I love showers. I always have. On a cold D.C. morning a hot shower feels like a little tiny tropical holiday. It used to drive my father crazy… using all that hot water. Hey, at fourteen I regularly ran the hot water tank out. We clashed over many things, my father and I, government, law, Hebrew school, Bernstein and Woodward and the role of the press but far and away the most contentious issue for us was the hot water bill. Got better when I went to college and no longer showered at his expense. I swear to God I will never argue with my kids over the hot water bill….. oh crap!.... Where the hell did that thought come from…..? This is what comes of sleepy voices, blue eyes and hair like silk. I need to focus, 'cause this really is going to be a full day. I turn down the hot water… partly so there's some left for Donna… partly because… well I really need to focus on the day.
We're starting with what's essentially a combined senior staff briefing session, and it'll all go like a freight train from there until the last of the Inaugural Balls…. And god, this evening I want nothing more than silence from Kazakhstan, a timely motorcade, and a chance to dance with Donna … at least a couple of times.
I'm nearly finished shaving when the wave of grief for Leo hits. It mostly takes the form of wondering what this day was like for him eight years ago. For Sam, Toby, CJ and I this day was all grand adventure and great things to be accomplished. We were all as high as kites with anticipation; Leo was the guy holding the string. Somehow I don't think I'll ever have that kind of gravitas. I want him here so much. I hope he's somewhere playing a little poker with my dad and enjoying a glass of some extremely expensive single malt.

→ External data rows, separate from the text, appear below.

lemma koenig_ipath:
  assumes inf: "infinite M" and M: "\<And>p. p \<in> M \<Longrightarrow> is_fpath r s p \<and> fst p = x"
  obtains \<xi> where "is_ipath r s \<xi>" "r (\<xi> 0) = x" "\<And>n. infinite (extending M (map \<xi> [0..<n]))"
proof -
  define next_edge where
    "next_edge l = (SOME a. r a = psrc s (x, l) \<and> infinite (extending M (l @ [a])))" for l
  have next_edge: "r (next_edge l) = psrc s (x, l) \<and> infinite (extending M (l @ [next_edge l]))"
    if "infinite (extending M l)" for l
    unfolding next_edge_def by (rule someI_ex) (rule infinite_extending_append_edge[OF M that])
  define L where "L = rec_nat [] (\<lambda>_ l. l @ [next_edge l])"
  have L_0: "L 0 = []" and L_Suc: "L (Suc n) = L n @ [next_edge (L n)]" for n
    by (simp_all add: L_def)
  have inf_L: "infinite (extending M (L n))" for n
    by (induction n) (use inf next_edge in \<open>simp_all add: L_0 L_Suc extending_def\<close>)
  define \<xi> where "\<xi> n = next_edge (L n)" for n
  have L_eq: "L n = map \<xi> [0..<n]" for n
    by (induction n) (simp_all add: L_0 L_Suc \<xi>_def)
  have r_\<xi>: "r (\<xi> n) = psrc s (x, L n)" for n
    using next_edge inf_L \<xi>_def by simp
  show thesis
  proof
    show "is_ipath r s \<xi>"
      unfolding is_ipath_def
    proof
      fix i
      show "s (\<xi> i) = r (\<xi> (Suc i))"
        using r_\<xi>[of "Suc i"] by (simp add: L_Suc psrc_def \<xi>_def)
    qed
    show "r (\<xi> 0) = x"
      using r_\<xi>[of 0] by (simp add: L_0 psrc_def)
    show "infinite (extending M (map \<xi> [0..<n]))" for n
      using inf_L[of n] unfolding L_eq .
  qed
qed

end

locale cocycle_action = group G for G :: "'g monoid" (structure) +
  fixes r s :: "'e \<Rightarrow> 'v" and av :: "'g \<Rightarrow> 'v \<Rightarrow> 'v" and ae :: "'g \<Rightarrow> 'e \<Rightarrow> 'e"
    and phi :: "'g \<Rightarrow> 'e \<Rightarrow> 'g"
  assumes graph_action: "graph_action G r s av ae" and one_cocycle: "one_cocycle G ae phi"
begin

lemma phi_closed: "g \<in> carrier G \<Longrightarrow> phi g a \<in> carrier G"
  using one_cocycle unfolding one_cocycle_def by blast

lemma phi_mult: "g \<in> carrier G \<Longrightarrow> h \<in> carrier G \<Longrightarrow> phi (g \<otimes> h) a = phi g (ae h a) \<otimes> phi h a"
  using one_cocycle unfolding one_cocycle_def by blast

lemma ae_one: "ae \<one> = id" and av_one: "av \<one> = id"
  using graph_action unfolding graph_action_def by auto

lemma ae_mult: "g \<in> carrier G \<Longrightarrow> h \<in> carrier G \<Longrightarrow> ae (g \<otimes> h) a = ae g (ae h a)"
  using graph_action unfolding graph_action_def by auto

lemma ae_inj: "g \<in> carrier G \<Longrightarrow> ae g a = ae g b \<Longrightarrow> a = b"
  using graph_action unfolding graph_action_def by (meson bij_def injD)

lemma r_ae: "g \<in> carrier G \<Longrightarrow> r (ae g a) = av g (r a)"
  using graph_action unfolding graph_action_def by auto

lemma phi_one: "phi \<one> a = \<one>"
proof -
  have "phi \<one> a = phi \<one> a \<otimes> phi \<one> a"
    using phi_mult[of \<one> \<one> a] by (simp add: ae_one)
  then show ?thesis
    using phi_closed[of \<one> a] by (metis l_cancel_one' one_closed r_one)
qed

lemma phi_list_closed: "g \<in> carrier G \<Longrightarrow> phi_list phi g z \<in> carrier G"
  by (induction z arbitrary: g) (auto simp: phi_closed)

lemma phi_list_one [simp]: "phi_list phi \<one> z = \<one>"
  by (induction z) (auto simp: phi_one)

lemma act_list_one [simp]: "act_list ae phi \<one> z = z"
  by (induction z) (auto simp: phi_one ae_one)

lemma act_phi_list_mult:
  assumes "g \<in> carrier G" "h \<in> carrier G"
  shows "act_list ae phi (g \<otimes> h) z = act_list ae phi g (act_list ae phi h z) \<and>
    phi_list phi (g \<otimes> h) z = phi_list phi g (act_list ae phi h z) \<otimes> phi_list phi h z"
  using assms by (induction z arbitrary: g h) (auto simp: ae_mult phi_mult phi_closed)

lemma act_list_inj: "g \<in> carrier G \<Longrightarrow> act_list ae phi g z = act_list ae phi g z' \<Longrightarrow> z = z'"
proof (induction z arbitrary: g z')
  case Nil
  then show ?case by (cases z') auto
next
  case (Cons a z)
  then obtain b z'' where z': "z' = b # z''" by (cases z') auto
  with Cons.prems have "a = b" by (auto dest: ae_inj)
  with Cons.prems z' show ?case using Cons.IH[of "phi g b" z''] by (auto simp: phi_closed)
qed

definition strongly_fixes :: "'g \<Rightarrow> 'e list \<Rightarrow> bool" where
  "strongly_fixes k z \<longleftrightarrow> act_list ae phi k z = z \<and> phi_list phi k z = \<one>"

lemma strongly_fixes_Nil [simp]: "strongly_fixes k [] \<longleftrightarrow> k = \<one>"
  by (simp add: strongly_fixes_def)

lemma strongly_fixed_iff: "strongly_fixed G av ae phi k (v, z) \<longleftrightarrow> av k v = v \<and> strongly_fixes k z"
  by (auto simp: strongly_fixed_def strongly_fixes_def act_path_def phi_path_def)

lemma act_phi_list_eq_iff:
  assumes h: "h \<in> carrier G" and h': "h' \<in> carrier G"
  shows "(act_list ae phi h z = act_list ae phi h' z \<and> phi_list phi h z = phi_list phi h' z)
      \<longleftrightarrow> strongly_fixes (inv h' \<otimes> h) z"
proof -
  define k where "k = inv h' \<otimes> h"
  have k: "k \<in> carrier G" using h h' by (simp add: k_def)
  have "h = h' \<otimes> k" using h h' by (simp add: k_def m_assoc[symmetric])
  then have act: "act_list ae phi h z = act_list ae phi h' (act_list ae phi k z)"
    and phi: "phi_list phi h z = phi_list phi h' (act_list ae phi k z) \<otimes> phi_list phi k z"
    using act_phi_list_mult[OF h' k, of z] by auto
  show ?thesis unfolding k_def[symmetric] strongly_fixes_def
  proof
    assume eq: "act_list ae phi h z = act_list ae phi h' z \<and> phi_list phi h z = phi_list phi h' z"
    then have fixed: "act_list ae phi k z = z" using act act_list_inj[OF h'] by metis
    then have "phi_list phi h' z \<otimes> phi_list phi k z = phi_list phi h' z" using phi eq by simp
    then have "phi_list phi k z = \<one>"
      using phi_list_closed[OF h'] phi_list_closed[OF k] by (metis l_cancel_one')
    with fixed show "act_list ae phi k z = z \<and> phi_list phi k z = \<one>" by simp
  next
    assume "act_list ae phi k z = z \<and> phi_list phi k z = \<one>"
    then show "act_list ae phi h z = act_list ae phi h' z \<and> phi_list phi h z = phi_list phi h' z"
      using act phi phi_list_closed[OF h'] by simp
  qed
qed

lemma min_strongly_fixed_prefix:
  assumes k: "k \<in> carrier G" "k \<noteq> \<one>" and z: "is_fpath r s (v, z)" "strongly_fixes k z"
  obtains j where "j \<le> length z" "min_strongly_fixed G r s av ae phi k (v, take j z)"
proof -
  obtain a z' where z_Cons: "z = a # z'"
    using k z by (cases z) auto
  have "av k v = v"
    using z z_Cons r_ae[OF k(1), of a] by (simp add: strongly_fixes_def is_fpath_def)
  define j where "j = (LEAST j. strongly_fixes k (take j z))"
  have fixes_j: "strongly_fixes k (take j z)" and "j \<le> length z"
    unfolding j_def using z(2) by (auto intro: LeastI[of _ "length z"] Least_le)
  have "\<not> strongly_fixes k (take i z)" if "i < j" for i
    using not_less_Least[OF that[unfolded j_def]] .
  then have "min_strongly_fixed G r s av ae phi k (v, take j z)"
    using is_fpath_take[OF z(1)] fixes_j \<open>av k v = v\<close>
    by (auto simp: min_strongly_fixed_def strongly_fixed_iff min_def)
  with \<open>j \<le> length z\<close> show thesis by (rule that)
qed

I'm going to have one last pass at getting CJ to stay, but really that ship has already sailed. I know it, and she knows it, and I'm pretty sure Danny would hunt me down and kill me if I did manage to convince her.
"Josh? Are you nearly done?"
I open the door as I finish wiping my face with a towel.
"Did you come to some kind of terms with yourself?" she says. And I thought I was just having a shower. Apparently not…..Showering as therapy…. Who knew?... Obviously Donna…
I look straight into her eyes and say, "It's the most important day of our lives."
She just smiles that little half smile that she uses when she knows more than I do, hands me the mug of coffee she's holding, kisses me gently on the mouth, says, "So far," and slides past me into the bathroom.
And I'm left leaning against the wall in the hallway, with my brain on overload, and a whole slideshow of possibilities flashing through my mind.